* Task instructions *
Check each line of the entries below for the word "rule", then state how many lines have it and nothing more.

[Exercise inputs]

lemma x_update_variational_ineq:
  assumes "1 \<le> k"
  shows "- 1 / (2 * \<gamma>) * (norm (x (Suc k) - extrap t x k))\<^sup>2
    \<le> f y - f (x (Suc k)) + \<beta> * ((A *v x (Suc k) - b) \<bullet> (A *v (y - x (Suc k))))
       + 1 / \<gamma> * ((x (Suc k) - extrap t x k) \<bullet> (y - x (Suc k)))
       + lam_hat k \<bullet> (A *v (y - x (Suc k)))"
  using x_update
proof
  assume "\<forall>k\<ge>1. \<forall>y. subproblem_obj f A b \<beta> \<gamma> \<delta> \<eta> t x lam k (x (k + 1))
                    \<le> subproblem_obj f A b \<beta> \<gamma> \<delta> \<eta> t x lam k y"
  then have "subproblem_obj f A b \<beta> \<gamma> \<delta> \<eta> t x lam k (x (Suc k))
      \<le> subproblem_obj f A b \<beta> \<gamma> \<delta> \<eta> t x lam k y'" for y'
    using assms by simp
  from subproblem_obj_min_variational_ineq[OF f_convex this]
  have "0 \<le> f y - f (x (Suc k)) + \<beta> * ((A *v x (Suc k) - b) \<bullet> (A *v (y - x (Suc k))))
       + 1 / \<gamma> * ((x (Suc k) - extrap t x k) \<bullet> (y - x (Suc k)))
       + lam_hat k \<bullet> (A *v (y - x (Suc k)))"
    by (simp add: lam_hat_eq[OF assms])
  moreover have "0 \<le> 1 / (2 * \<gamma>) * (norm (x (Suc k) - extrap t x k))\<^sup>2"
    using gamma by simp
  ultimately show ?thesis by linarith
next
  assume "\<exists>L>0. (\<forall>u v. norm (gradf u - gradf v) \<le> L * norm (u - v)) \<and> \<gamma> \<le> 1 / L \<and>
           (\<forall>k\<ge>1. \<forall>y.
              subproblem_obj (\<lambda>z. gradf (extrap t x k) \<bullet> z) A b \<beta> \<gamma> \<delta> \<eta> t x lam k (x (k + 1))
              \<le> subproblem_obj (\<lambda>z. gradf (extrap t x k) \<bullet> z) A b \<beta> \<gamma> \<delta> \<eta> t x lam k y)"
  then obtain L where L: "0 < L" "\<And>u v. norm (gradf u - gradf v) \<le> L * norm (u - v)" "\<gamma> \<le> 1 / L"
    and min: "\<forall>k\<ge>1. \<forall>y.
              subproblem_obj (\<lambda>z. gradf (extrap t x k) \<bullet> z) A b \<beta> \<gamma> \<delta> \<eta> t x lam k (x (k + 1))
              \<le> subproblem_obj (\<lambda>z. gradf (extrap t x k) \<bullet> z) A b \<beta> \<gamma> \<delta> \<eta> t x lam k y"
    by blast
  define xb xn where "xb = extrap t x k" and "xn = x (Suc k)"
  have "convex_on UNIV (\<lambda>z. gradf xb \<bullet> z)"
    by (rule convex_onI) (auto simp: inner_add_right)
  moreover have "subproblem_obj (\<lambda>z. gradf xb \<bullet> z) A b \<beta> \<gamma> \<delta> \<eta> t x lam k xn
      \<le> subproblem_obj (\<lambda>z. gradf xb \<bullet> z) A b \<beta> \<gamma> \<delta> \<eta> t x lam k y'" for y'
    using min assms by (simp add: xb_def xn_def)
  ultimately have "0 \<le> gradf xb \<bullet> y - gradf xb \<bullet> xn + \<beta> * ((A *v xn - b) \<bullet> (A *v (y - xn)))
       + 1 / \<gamma> * ((xn - extrap t x k) \<bullet> (y - xn))
       + (p_k \<eta> t lam k + (\<delta> * c_k \<eta> t k) *\<^sub>R (c_k \<eta> t k *\<^sub>R (A *v xn) - r_k \<eta> t A b x k))
           \<bullet> (A *v (y - xn))"
    by (rule subproblem_obj_min_variational_ineq)
  then have "0 \<le> gradf xb \<bullet> y - gradf xb \<bullet> xn + \<beta> * ((A *v xn - b) \<bullet> (A *v (y - xn)))
       + 1 / \<gamma> * ((xn - xb) \<bullet> (y - xn)) + lam_hat k \<bullet> (A *v (y - xn))"
    by (simp add: lam_hat_eq[OF assms] xb_def xn_def)
  moreover have "gradf xb \<bullet> (y - xn) - 1 / (2 * \<gamma>) * (norm (xn - xb))\<^sup>2 \<le> f y - f xn"
    using L gamma by (intro lipschitz_gradient_three_point_ineq[OF f_convex f_grad]) auto
  ultimately show ?thesis
    unfolding xb_def[symmetric] xn_def[symmetric] by (simp add: inner_diff_right)
qed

[/Exercise inputs]

* Task result *
2